+++ RECORDS FOR THIS EXERCISE

(* For every integer $n \geq 1$, the number of linear arrangements of $\{1,\ldots,n\}$ that avoid the patterns $12, 23, \ldots, (n-1)n$ and contain the pattern $n1$ is exactly $D_{n-1}$ (with the convention $D_0 = 0$).
   Context: A linear arrangement of $\{1,\ldots,n\}$ is a sequence $a_1\cdots a_n$ in which each of $1,\ldots,n$ appears exactly once. It contains the pattern $ij$ if $a_t=i$ and $a_{t+1}=j$ for some $t$ (i.e. $i$ is immediately followed by $j$); otherwise it avoids it. $D_m$ is the number of linear arrangements of $\{1,\ldots,m\}$ avoiding all of the patterns $12, 23, \ldots, (m-1)m, m1$; $D_0 = 0$. *)

theory Defs
  imports Main
begin

definition arrangements :: "nat \<Rightarrow> nat list set" where
  "arrangements n = {xs. distinct xs \<and> set xs = {1..n}}"

definition contains_pat :: "nat list \<Rightarrow> nat \<Rightarrow> nat \<Rightarrow> bool" where
  "contains_pat xs i j \<longleftrightarrow> (\<exists>t. Suc t < length xs \<and> xs ! t = i \<and> xs ! Suc t = j)"

definition D :: "nat \<Rightarrow> nat" where
  "D m = (if m = 0 then 0 else
     card {xs \<in> arrangements m.
             (\<forall>i. 1 \<le> i \<and> i < m \<longrightarrow> \<not> contains_pat xs i (i + 1)) \<and> \<not> contains_pat xs m 1})"

end

theory Submission
  imports Defs
begin

text \<open>If the arrangement contains n1, deleting n gives an arrangement of {1..n-1}; conversely
  n is reinserted right before 1. Under this correspondence the pattern (n-1)n becomes (n-1)1 and
  every other pattern i(i+1) is unaffected, so the arrangements counted on the left are exactly
  those counted by D(n-1).\<close>

lemma contains_pat_Nil [simp]: "\<not> contains_pat [] a b"
  by (simp add: contains_pat_def)

lemma contains_pat_Cons:
  "contains_pat (x # xs) a b \<longleftrightarrow> (xs \<noteq> [] \<and> x = a \<and> hd xs = b) \<or> contains_pat xs a b"
proof
  assume "contains_pat (x # xs) a b"
  then obtain t where t: "Suc t < Suc (length xs)" "(x # xs) ! t = a" "(x # xs) ! Suc t = b"
    unfolding contains_pat_def by auto
  then show "(xs \<noteq> [] \<and> x = a \<and> hd xs = b) \<or> contains_pat xs a b"
    by (cases t) (auto simp: contains_pat_def hd_conv_nth)
next
  assume "(xs \<noteq> [] \<and> x = a \<and> hd xs = b) \<or> contains_pat xs a b"
  then show "contains_pat (x # xs) a b"
  proof
    assume "xs \<noteq> [] \<and> x = a \<and> hd xs = b"
    then show ?thesis
      unfolding contains_pat_def by (intro exI[of _ 0]) (auto simp: hd_conv_nth)
  next
    assume "contains_pat xs a b"
    then obtain t where "Suc t < length xs" "xs ! t = a" "xs ! Suc t = b"
      unfolding contains_pat_def by auto
    then show ?thesis
      unfolding contains_pat_def by (intro exI[of _ "Suc t"]) auto
  qed
qed

lemma contains_pat_append_Cons:
  "contains_pat (us @ y # vs) a b \<longleftrightarrow>
     contains_pat us a b \<or> (us \<noteq> [] \<and> last us = a \<and> y = b) \<or> contains_pat (y # vs) a b"
  by (induction us) (auto simp: contains_pat_Cons)

lemma contains_pat_set: "contains_pat xs a b \<Longrightarrow> a \<in> set xs \<and> b \<in> set xs"
  unfolding contains_pat_def by (auto intro: nth_mem)

lemma contains_pat_split: "contains_pat xs a b \<Longrightarrow> \<exists>us vs. xs = us @ a # b # vs"
proof -
  assume "contains_pat xs a b"
  then obtain t where t: "Suc t < length xs" "xs ! t = a" "xs ! Suc t = b"
    unfolding contains_pat_def by blast
  then have "xs = take t xs @ a # b # drop (Suc (Suc t)) xs"
    by (metis Cons_nth_drop_Suc Suc_lessD id_take_nth_drop)
  then show ?thesis by blast
qed

lemma distinct_not_contains_pat_same: "distinct xs \<Longrightarrow> \<not> contains_pat xs a a"
  unfolding contains_pat_def by (metis Suc_lessD n_not_Suc_n nth_eq_iff_index_eq)

lemma contains_pat_insert_before_other:
  assumes "b \<noteq> x" "b \<noteq> y"
  shows "contains_pat (us @ x # y # vs) a b \<longleftrightarrow> contains_pat (us @ y # vs) a b"
  using assms by (simp add: contains_pat_append_Cons contains_pat_Cons)

lemma contains_pat_insert_before_target:
  assumes "distinct (us @ y # vs)" "x \<notin> set (us @ y # vs)"
  shows "contains_pat (us @ x # y # vs) a x \<longleftrightarrow> contains_pat (us @ y # vs) a y"
  using assms
  by (auto simp: contains_pat_append_Cons contains_pat_Cons dest: contains_pat_set)

definition insert_before :: "'a \<Rightarrow> 'a \<Rightarrow> 'a list \<Rightarrow> 'a list" where
  "insert_before x y xs = concat (map (\<lambda>z. if z = y then [x, y] else [z]) xs)"

lemma insert_before_append_Cons:
  assumes "y \<notin> set us" "y \<notin> set vs"
  shows "insert_before x y (us @ y # vs) = us @ x # y # vs"
proof -
  have "y \<notin> set ws \<Longrightarrow> concat (map (\<lambda>z. if z = y then [x, y] else [z]) ws) = ws" for ws
    by (induction ws) auto
  with assms show ?thesis by (simp add: insert_before_def)
qed

lemma arrangements_insert_Suc:
  "us @ Suc m # vs \<in> arrangements (Suc m) \<longleftrightarrow> us @ vs \<in> arrangements m"
proof
  assume big: "us @ Suc m # vs \<in> arrangements (Suc m)"
  then have "set (us @ vs) = {1..Suc m} - {Suc m}"
    by (auto simp: arrangements_def)
  also have "\<dots> = {1..m}" by auto
  finally show "us @ vs \<in> arrangements m"
    using big by (simp add: arrangements_def)
next
  assume small: "us @ vs \<in> arrangements m"
  then have "set (us @ Suc m # vs) = insert (Suc m) {1..m}" "Suc m \<notin> set (us @ vs)"
    by (auto simp: arrangements_def)
  moreover have "insert (Suc m) {1..m} = {1..Suc m}" by auto
  ultimately show "us @ Suc m # vs \<in> arrangements (Suc m)"
    using small by (auto simp: arrangements_def)
qed

definition succ_free :: "nat \<Rightarrow> nat list \<Rightarrow> bool" where
  "succ_free n xs \<longleftrightarrow> (\<forall>i. 1 \<le> i \<and> i < n \<longrightarrow> \<not> contains_pat xs i (i + 1))"

lemma succ_free_insert_Suc:
  assumes "us @ 1 # vs \<in> arrangements m"
  shows "succ_free (Suc m) (us @ Suc m # 1 # vs) \<longleftrightarrow>
           succ_free m (us @ 1 # vs) \<and> \<not> contains_pat (us @ 1 # vs) m 1"
proof -
  have dist: "distinct (us @ 1 # vs)" and new: "Suc m \<notin> set (us @ 1 # vs)" and "1 \<le> m"
    using assms by (auto simp: arrangements_def)
  have other: "contains_pat (us @ Suc m # 1 # vs) i (i + 1) \<longleftrightarrow> contains_pat (us @ 1 # vs) i (i + 1)"
    if "1 \<le> i" "i < m" for i
    using that by (intro contains_pat_insert_before_other) auto
  have top: "contains_pat (us @ Suc m # 1 # vs) m (Suc m) \<longleftrightarrow> contains_pat (us @ 1 # vs) m 1"
    using contains_pat_insert_before_target[OF dist new] .
  show ?thesis
    unfolding succ_free_def using other top \<open>1 \<le> m\<close>
    by (auto simp: less_Suc_eq)
qed

lemma bij_betw_removeAll_Suc:
  assumes "1 \<le> m"
  shows "bij_betw (removeAll (Suc m))
           {xs \<in> arrangements (Suc m). succ_free (Suc m) xs \<and> contains_pat xs (Suc m) 1}
           {ys \<in> arrangements m. succ_free m ys \<and> \<not> contains_pat ys m 1}"
    (is "bij_betw _ ?A ?B")
proof -
  have decomp: "us @ Suc m # 1 # vs \<in> ?A \<longleftrightarrow> us @ 1 # vs \<in> ?B" for us vs
    using arrangements_insert_Suc[of us m "1 # vs"] succ_free_insert_Suc[of us vs m]
    by (auto simp: contains_pat_append_Cons contains_pat_Cons)
  have A_form: "\<exists>us vs. xs = us @ Suc m # 1 # vs \<and> removeAll (Suc m) xs = us @ 1 # vs \<and>
                   insert_before (Suc m) 1 (us @ 1 # vs) = xs" if "xs \<in> ?A" for xs
  proof -
    obtain us vs where xs: "xs = us @ Suc m # 1 # vs"
      using \<open>xs \<in> ?A\<close> contains_pat_split by blast
    have "distinct xs" using \<open>xs \<in> ?A\<close> by (simp add: arrangements_def)
    then have "removeAll (Suc m) xs = us @ 1 # vs" "insert_before (Suc m) 1 (us @ 1 # vs) = xs"
      using xs by (auto simp: insert_before_append_Cons)
    with xs show ?thesis by blast
  qed
  have B_form: "\<exists>us vs. ys = us @ 1 # vs \<and> insert_before (Suc m) 1 ys = us @ Suc m # 1 # vs \<and>
                   removeAll (Suc m) (us @ Suc m # 1 # vs) = ys" if "ys \<in> ?B" for ys
  proof -
    have "distinct ys" "set ys = {1..m}" using \<open>ys \<in> ?B\<close> by (auto simp: arrangements_def)
    obtain us vs where ys: "ys = us @ 1 # vs"
      using \<open>set ys = {1..m}\<close> assms split_list by (metis atLeastAtMost_iff order_refl)
    have "Suc m \<notin> set ys" using \<open>set ys = {1..m}\<close> by simp
    then have "1 \<notin> set us" "1 \<notin> set vs" "Suc m \<notin> set us" "Suc m \<notin> set vs"
      using \<open>distinct ys\<close> by (auto simp: ys)
    then have "insert_before (Suc m) 1 ys = us @ Suc m # 1 # vs"
        "removeAll (Suc m) (us @ Suc m # 1 # vs) = ys"
      using assms by (auto simp: ys insert_before_append_Cons)
    with ys show ?thesis by blast
  qed
  show ?thesis
  proof (rule bij_betw_byWitness[where f' = "insert_before (Suc m) 1"])
    show "\<forall>xs\<in>?A. insert_before (Suc m) 1 (removeAll (Suc m) xs) = xs"
      using A_form by fastforce
    show "\<forall>ys\<in>?B. removeAll (Suc m) (insert_before (Suc m) 1 ys) = ys"
      using B_form by fastforce
    show "removeAll (Suc m) ` ?A \<subseteq> ?B"
      using A_form decomp by fastforce
    show "insert_before (Suc m) 1 ` ?B \<subseteq> ?A"
      using B_form decomp by fastforce
  qed
qed

theorem corollary2p2:
  fixes n :: nat
  assumes "n \<ge> 1"
  shows "card {xs \<in> arrangements n.
                (\<forall>i. 1 \<le> i \<and> i < n \<longrightarrow> \<not> contains_pat xs i (i + 1)) \<and> contains_pat xs n 1}
         = D (n - 1)"
proof (cases "n = 1")
  case True
  then have empty: "{xs \<in> arrangements n.
      (\<forall>i. 1 \<le> i \<and> i < n \<longrightarrow> \<not> contains_pat xs i (i + 1)) \<and> contains_pat xs n 1} = {}"
    by (auto simp: arrangements_def dest: distinct_not_contains_pat_same)
  show ?thesis unfolding empty using True by (simp add: D_def)
next
  case False
  then obtain m where n: "n = Suc m" and "1 \<le> m" using assms by (cases n) auto
  then have "D (n - 1) = card {ys \<in> arrangements m. succ_free m ys \<and> \<not> contains_pat ys m 1}"
    by (simp add: D_def succ_free_def)
  also have "\<dots> = card {xs \<in> arrangements n. succ_free n xs \<and> contains_pat xs n 1}"
    using bij_betw_same_card[OF bij_betw_removeAll_Suc[OF \<open>1 \<le> m\<close>]] n by simp
  finally show ?thesis by (simp add: succ_free_def)
qed

end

++++++

EXERCISE — Begin at the line above that has "vs \<and> insert_before" and stop after the line that has "(metis atLeastAtMost_iff order_refl)", copying each line exactly and adding nothing else.

OUTPUT FOR THIS TASK —
  have B_form: "\<exists>us vs. ys = us @ 1 # vs \<and> insert_before (Suc m) 1 ys = us @ Suc m # 1 # vs \<and>
                   removeAll (Suc m) (us @ Suc m # 1 # vs) = ys" if "ys \<in> ?B" for ys
  proof -
    have "distinct ys" "set ys = {1..m}" using \<open>ys \<in> ?B\<close> by (auto simp: arrangements_def)
    obtain us vs where ys: "ys = us @ 1 # vs"
      using \<open>set ys = {1..m}\<close> assms split_list by (metis atLeastAtMost_iff order_refl)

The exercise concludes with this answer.